Pantauan di lokasi, Arinal keluar dari ruang pemeriksaan mengenakan rompi tahanan berwarna merah muda dan langsung digiring menuju mobil tahanan dengan pengawalan ketat petugas kejaksaan. Ia tampak tertunduk dan tidak memberikan komentar kepada awak media.
Kepala Kejati Lampung, Danang Suryo Wibowo, mengatakan penyidik telah mengantongi alat bukti yang cukup untuk menetapkan Arinal sebagai tersangka.

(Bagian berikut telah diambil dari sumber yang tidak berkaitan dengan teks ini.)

lemma basis_card_diff_le:
  assumes X: "X \<subseteq> carrier M" and I: "basis M X I" and J: "basis M X J"
    and fin: "finite (I - J)"
  shows "finite (J - I) \<and> card (J - I) \<le> card (I - J)"
  using I fin
proof (induction "card (I - J)" arbitrary: I)
  case 0
  then have "I \<subseteq> J" by auto
  then have "I = J" using 0 J unfolding basis_def by blast
  then show ?case by simp
next
  case (Suc n)
  then obtain y where y: "y \<in> I" "y \<notin> J" by (metis Diff_iff card.empty ex_in_conv nat.simps(3))
  then obtain z where z: "z \<in> J - I" and I': "basis M X (insert z (I - {y}))"
    using basis_exchange[OF X Suc.prems(1) J] by blast
  have diff1: "insert z (I - {y}) - J = (I - J) - {y}" using z by blast
  have diff2: "J - insert z (I - {y}) = (J - I) - {z}" using y by blast
  have "n = card (insert z (I - {y}) - J)" "finite (insert z (I - {y}) - J)"
    using Suc.hyps(2) Suc.prems(2) y unfolding diff1 by simp_all
  then have IH: "finite (J - I - {z}) \<and> card (J - I - {z}) \<le> n"
    using Suc.hyps(1)[OF _ I'] unfolding diff2 by blast
  then have "finite (J - I)" by simp
  moreover from this have "card (J - I) = Suc (card (J - I - {z}))"
    using z by (rule card.remove)
  ultimately show ?case using IH Suc.hyps(2) by simp
qed

lemma indep_augment_card:
  assumes I: "indep M I" and J: "indep M J"
    and fin: "finite (I - J)" "finite (J - I)" and lt: "card (I - J) < card (J - I)"
  shows "\<exists>z\<in>J - I. indep M (insert z I)"
proof (rule ccontr)
  assume no_aug: "\<not> ?thesis"
  define X where "X = I \<union> J"
  have X: "X \<subseteq> carrier M"
    unfolding X_def using indep_subset_carrier[OF I] indep_subset_carrier[OF J] by blast
  have I_basis: "basis M X I" by (rule basisI[OF I]) (use no_aug in \<open>auto simp: X_def\<close>)
  obtain J' where J': "J \<subseteq> J'" "basis M X J'"
    using basis_extend[OF J _ X] unfolding X_def by blast
  have "I - J' \<subseteq> I - J" using J'(1) by blast
  then have "finite (I - J')" "card (I - J') \<le> card (I - J)"
    using fin(1) by (auto intro: finite_subset card_mono)
  moreover from this have "finite (J' - I) \<and> card (J' - I) \<le> card (I - J')"
    using basis_card_diff_le[OF X I_basis J'(2)] by blast
  moreover have "card (J - I) \<le> card (J' - I)" using calculation J'(1) by (intro card_mono) auto
  ultimately show False using lt by linarith
qed

lemma fundamental_circuit:
  assumes B: "base M B" and x: "x \<in> carrier M" "x \<notin> B"
  defines "C \<equiv> insert x {y \<in> B. indep M (insert x (B - {y}))}"
  shows "circuit M C"
  unfolding circuit_def
proof (intro conjI allI impI)
  show "C \<subseteq> carrier M" unfolding C_def using x base_subset_carrier[OF B] by blast
  show "\<not> indep M C"
  proof
    assume "indep M C"
    moreover have "insert x B \<subseteq> carrier M" using x base_subset_carrier[OF B] by blast
    ultimately obtain J where J: "C \<subseteq> J" "basis M (insert x B) J"
      using basis_extend[of C "insert x B"] unfolding C_def by blast
    have J_base: "base M J"
    proof (rule ccontr)
      assume "\<not> base M J"
      then obtain z where "z \<in> B" "z \<notin> J" "indep M (insert z J)"
        using base_augment[OF basis_indep[OF J(2)] _ B] by blast
      then show False using basis_maximal[OF J(2)] by blast
    qed
    have "J \<noteq> insert x B" using base_maximal[OF B x(2)] basis_indep[OF J(2)] by blast
    then obtain y where y: "y \<in> B" "y \<notin> J"
      using basis_subset[OF J(2)] J(1) unfolding C_def by blast
    then obtain z where z: "z \<in> J" "z \<notin> B - {y}" "indep M (insert z (B - {y}))"
      using base_augment[OF indep_subset[OF base_indep[OF B]] base_remove_not_base[OF B] J_base]
      by blast
    then have "z = x" using y basis_subset[OF J(2)] by blast
    then have "y \<in> C" using z(3) y(1) unfolding C_def by blast
    then show False using y(2) J(1) by blast
  qed
  fix D assume D: "D \<subset> C"
  show "indep M D"
  proof (cases "x \<in> D")
    case False
    then have "D \<subseteq> B" using D unfolding C_def by blast
    then show ?thesis by (rule indep_subset[OF base_indep[OF B]])
  next
    case True
    then obtain y where y: "y \<in> B" "y \<notin> D" "indep M (insert x (B - {y}))"
      using D unfolding C_def by blast
    moreover have "D \<subseteq> insert x (B - {y})" using D y(2) unfolding C_def by blast
    ultimately show ?thesis using indep_subset by blast
  qed
qed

“Penyidik telah melakukan pemeriksaan terhadap saudara ARD dan telah cukup alat bukti untuk menetapkan yang bersangkutan sebagai tersangka,” kata Danang kepada wartawan, Selasa (28/4/2026) dikutip melalui detikSumbagsel.
Setelah ditetapkan sebagai tersangka, Arinal langsung ditahan di Rumah Tahanan Way Hui, Bandar Lampung.

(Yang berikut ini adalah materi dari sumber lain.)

(* Let $\mathcal{X}\subset\mathbb{R}^D$, let $\mathcal{D}$ be a probability distribution on $\mathcal{X}$, and let $\mathcal{S}=\{\mathbf{x}_1,\dots,\mathbf{x}_n\}$ consist of $n$ i.i.d. samples from $\mathcal{D}$. Let $N_\phi,N_\theta$ be positive integers and let $\ell:\mathbb{R}^{N_\phi}\times\mathbb{R}^{N_\theta}\times\mathcal{X}\to[0,1]$ be a measurable loss, with $R(\phi,\theta)=\mathbb{E}_{\mathbf{x}\sim\mathcal{D}}[\ell(\phi,\theta,\mathbf{x})]$ and $\widehat{R}_{\mathcal{S}}(\phi,\theta)=\frac1n\sum_{i=1}^n\ell(\phi,\theta,\mathbf{x}_i)$. Let $\delta\in(0,1)$, fix $\phi^0\in\mathbb{R}^{N_\phi}$, $\theta^0\in\mathbb{R}^{N_\theta}$, $\sigma_\phi^2>0$, $\sigma_\theta^2>0$ independently of $\mathcal{S}$, and let $(\phi,\theta)=(\phi(\mathcal{S}),\theta(\mathcal{S}))$ be the output of a (measurable) learning algorithm given the dataset $\mathcal{S}$. Then with probability at least $1-\delta$ over both $\mathcal{S}\sim\mathcal{D}^n$ and independent $\varepsilon_\phi\sim\mathcal{N}(0,\sigma^2_\phi I_{N_\phi})$, $\varepsilon_\theta\sim\mathcal{N}(0,\sigma^2_\theta I_{N_\theta})$, \begin{multline*} \mathrm{kl}\left(\widehat{R}_{\mathcal{S}}(\phi+\varepsilon_\phi,\theta+\varepsilon_\theta)\,\|\,R(\phi+\varepsilon_\phi,\theta+\varepsilon_\theta)\right) \\ \leq \frac{\|\phi-\phi^0+\varepsilon_\phi\|_2^2-\|\varepsilon_\phi\|_2^2}{2\sigma^2_\phi n} + \frac{\|\theta-\theta^0+\varepsilon_\theta\|_2^2-\|\varepsilon_\theta\|_2^2}{2\sigma^2_\theta n} + \frac{\log(2\sqrt{n}/\delta)}{n}. \end{multline*}
   Context: $\mathrm{kl}$ denotes the binary Kullback--Leibler divergence $\mathrm{kl}(q\|p)=q\log\frac{q}{p}+(1-q)\log\frac{1-q}{1-p}$ for $q,p\in(0,1)$ (extended by continuity / the usual conventions). In the paper $\phi,\theta$ are the encoder and decoder weights of a (pseudo-)variational autoencoder, the algorithm is the one minimising a PAC-Bayes objective, and $\ell$ is a rescaled truncated reconstruction loss with values in $[0,1]$; only boundedness and measurability are used. *)

theory Defs
  imports "HOL-Probability.Probability"
begin

definition kl_term :: "real \<Rightarrow> real \<Rightarrow> ereal" where
  "kl_term a b = (if a = 0 then 0 else if b = 0 then \<infinity> else ereal (a * ln (a / b)))"

definition kl :: "real \<Rightarrow> real \<Rightarrow> ereal" where
  "kl q p = kl_term q p + kl_term (1 - q) (1 - p)"

definition gaussian_vec :: "real \<Rightarrow> (real ^ 'n) measure" where
  "gaussian_vec v = density lborel (\<lambda>x. ennreal (\<Prod>i\<in>UNIV. normal_density 0 (sqrt v) (x $ i)))"

end

theory Submission
  imports Defs "HOL-Computational_Algebra.Formal_Power_Series"
begin

text \<open>
  Let \<open>Z\<close> be \<open>exp (n \<cdot> kl (R\<^sub>S \<parallel> R))\<close>, evaluated at the perturbed weights, times the likelihood
  ratio \<open>exp (-(\<parallel>\<phi> - \<phi>\<^sup>0 + \<epsilon>\<parallel>\<^sup>2 - \<parallel>\<epsilon>\<parallel>\<^sup>2) / (2\<sigma>\<^sup>2))\<close> of the prior \<open>N(\<phi>\<^sup>0, \<sigma>\<^sup>2 I)\<close> against the
  posterior \<open>N(\<phi>, \<sigma>\<^sup>2 I)\<close> (and likewise for \<open>\<theta>\<close>). Translating the Gaussian noise turns the
  expectation over \<open>\<epsilon>\<close> into one over the prior, which does not depend on the sample; so by
  Fubini the expectation of \<open>Z\<close> is an average over fixed weights of
  \<open>E\<^sub>S exp (n \<cdot> kl (R\<^sub>S \<parallel> R))\<close>, which Maurer's inequality bounds by \<open>2 \<surd>n\<close>. Markov's
  inequality gives \<open>Z < 2 \<surd>n / \<delta>\<close> with probability at least \<open>1 - \<delta>\<close>, and taking logarithms
  yields the bound.

  Maurer's inequality: a convex function of a sum of independent \<open>[0,1]\<close>-valued variables
  has the largest mean when the variables are Bernoulli, which reduces it to
  \<open>\<Sum>\<^sub>k (n choose k) (k/n)\<^sup>k (1 - k/n)\<^sup>n\<^sup>-\<^sup>k \<le> 2 \<surd>n\<close>. Each term is compared with the
  Krichevsky-Trofimov probability of \<open>k\<close> ones among \<open>n\<close> bits, and these probabilities sum to 1.
\<close>

section \<open>The Krichevsky-Trofimov bound\<close>

lemma ln_add_one_ge_pade:
  fixes x :: real
  assumes "0 \<le> x"
  shows "2 * x / (2 + x) \<le> ln (1 + x)"
proof -
  define g where "g = (\<lambda>x::real. ln (1 + x) - 2 * x / (2 + x))"
  have g': "(g has_real_derivative (1 / (1 + y) - 4 / (2 + y)^2)) (at y)" if "y \<ge> 0" for y
    unfolding g_def using that
    by (auto intro!: derivative_eq_intros simp: field_simps power2_eq_square)
  have "g 0 \<le> g x"
  proof (rule DERIV_nonneg_imp_nondecreasing[of 0 x g])
    fix y assume y: "0 \<le> y" "y \<le> x"
    have "1 / (1 + y) - 4 / (2 + y)^2 = y^2 / ((1 + y) * (2 + y)^2)"
    proof -
      have "1 + y > 0" "2 + y > 0" using y by auto
      then show ?thesis by (simp add: divide_simps power2_eq_square) algebra
    qed
    also have "\<dots> \<ge> 0" using y by simp
    finally show "\<exists>y'. (g has_real_derivative y') (at y) \<and> 0 \<le> y'" using g'[of y] y by blast
  qed (use assms in auto)
  then show ?thesis by (simp add: g_def)
qed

“Selanjutnya, saudara ARD dilakukan penahanan di Rutan Way Hui Bandar Lampung,” ujar Danang.
Kasus yang menjerat Arinal berkaitan dengan dugaan korupsi pengelolaan dana Participating Interest 10 persen pada PT Lampung Energi Berjaya (LEB). Dana PI tersebut berasal dari wilayah kerja Offshore South East Sumatera (WK OSES) dengan nilai mencapai 17,286 juta dolar AS atau sekitar Rp271 miliar.

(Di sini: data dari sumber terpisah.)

definition dx :: "(complex \<Rightarrow> real) \<Rightarrow> complex \<Rightarrow> real" where
  "dx u z = deriv (\<lambda>t::real. u (z + of_real t)) 0"

definition dy :: "(complex \<Rightarrow> real) \<Rightarrow> complex \<Rightarrow> real" where
  "dy u z = deriv (\<lambda>t::real. u (z + \<i> * of_real t)) 0"

definition harmonic_on :: "complex set \<Rightarrow> (complex \<Rightarrow> real) \<Rightarrow> bool" where
  "harmonic_on S u \<longleftrightarrow> open S \<and>
     (\<forall>z\<in>S. u differentiable (at z)) \<and>
     (\<forall>z\<in>S. dx u differentiable (at z) \<and> dy u differentiable (at z)) \<and>
     continuous_on S (dx (dx u)) \<and> continuous_on S (dx (dy u)) \<and>
     continuous_on S (dy (dx u)) \<and> continuous_on S (dy (dy u)) \<and>
     (\<forall>z\<in>S. dx (dx u) z + dy (dy u) z = 0)"

definition poisson :: "real \<Rightarrow> real \<Rightarrow> real" where
  "poisson r t = (1 / (2 * pi)) * ((1 - r\<^sup>2) / (1 - 2 * r * cos t + r\<^sup>2))"

definition classK :: "(complex \<Rightarrow> real) \<Rightarrow> bool" where
  "classK u \<longleftrightarrow> (\<exists>C'. \<forall>z\<in>ball 0 1. u z \<le> C' * ln (exp 1 / (1 - cmod z)))"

Sebelumnya, Kejati Lampung telah lebih dahulu menetapkan tiga petinggi PT LEB sebagai tersangka dalam perkara tersebut. Mereka adalah Heri Wardoyo selaku komisaris PT LEB, M Hermawan Eriadi sebagai Direktur Utama PT LEB, dan Budi Kurniawan selaku Direktur Operasional PT LEB.
Dalam proses penyidikan, Arinal juga sempat beberapa kali dipanggil penyidik untuk dimintai keterangan. Namun, berdasarkan laporan sejumlah media lokal, ia sempat mangkir dari panggilan pemeriksaan sebelum akhirnya memenuhi panggilan terbaru dari Kejati Lampung.
Kejati Lampung menyebut perkara ini diduga menyebabkan kerugian negara mencapai Rp268,76 miliar berdasarkan hasil audit Badan Pengawasan Keuangan dan Pembangunan (BPKP) Lampung.
Penetapan Arinal sebagai tersangka menjadi babak baru dalam pengusutan dugaan korupsi dana PI di Lampung. Kasus ini juga menjadi perhatian publik karena menyeret mantan kepala daerah yang pernah memimpin Provinsi Lampung periode 2019-2024.
(DAW)
Dapatkan update berita terkini langsung di WhatsApp Anda.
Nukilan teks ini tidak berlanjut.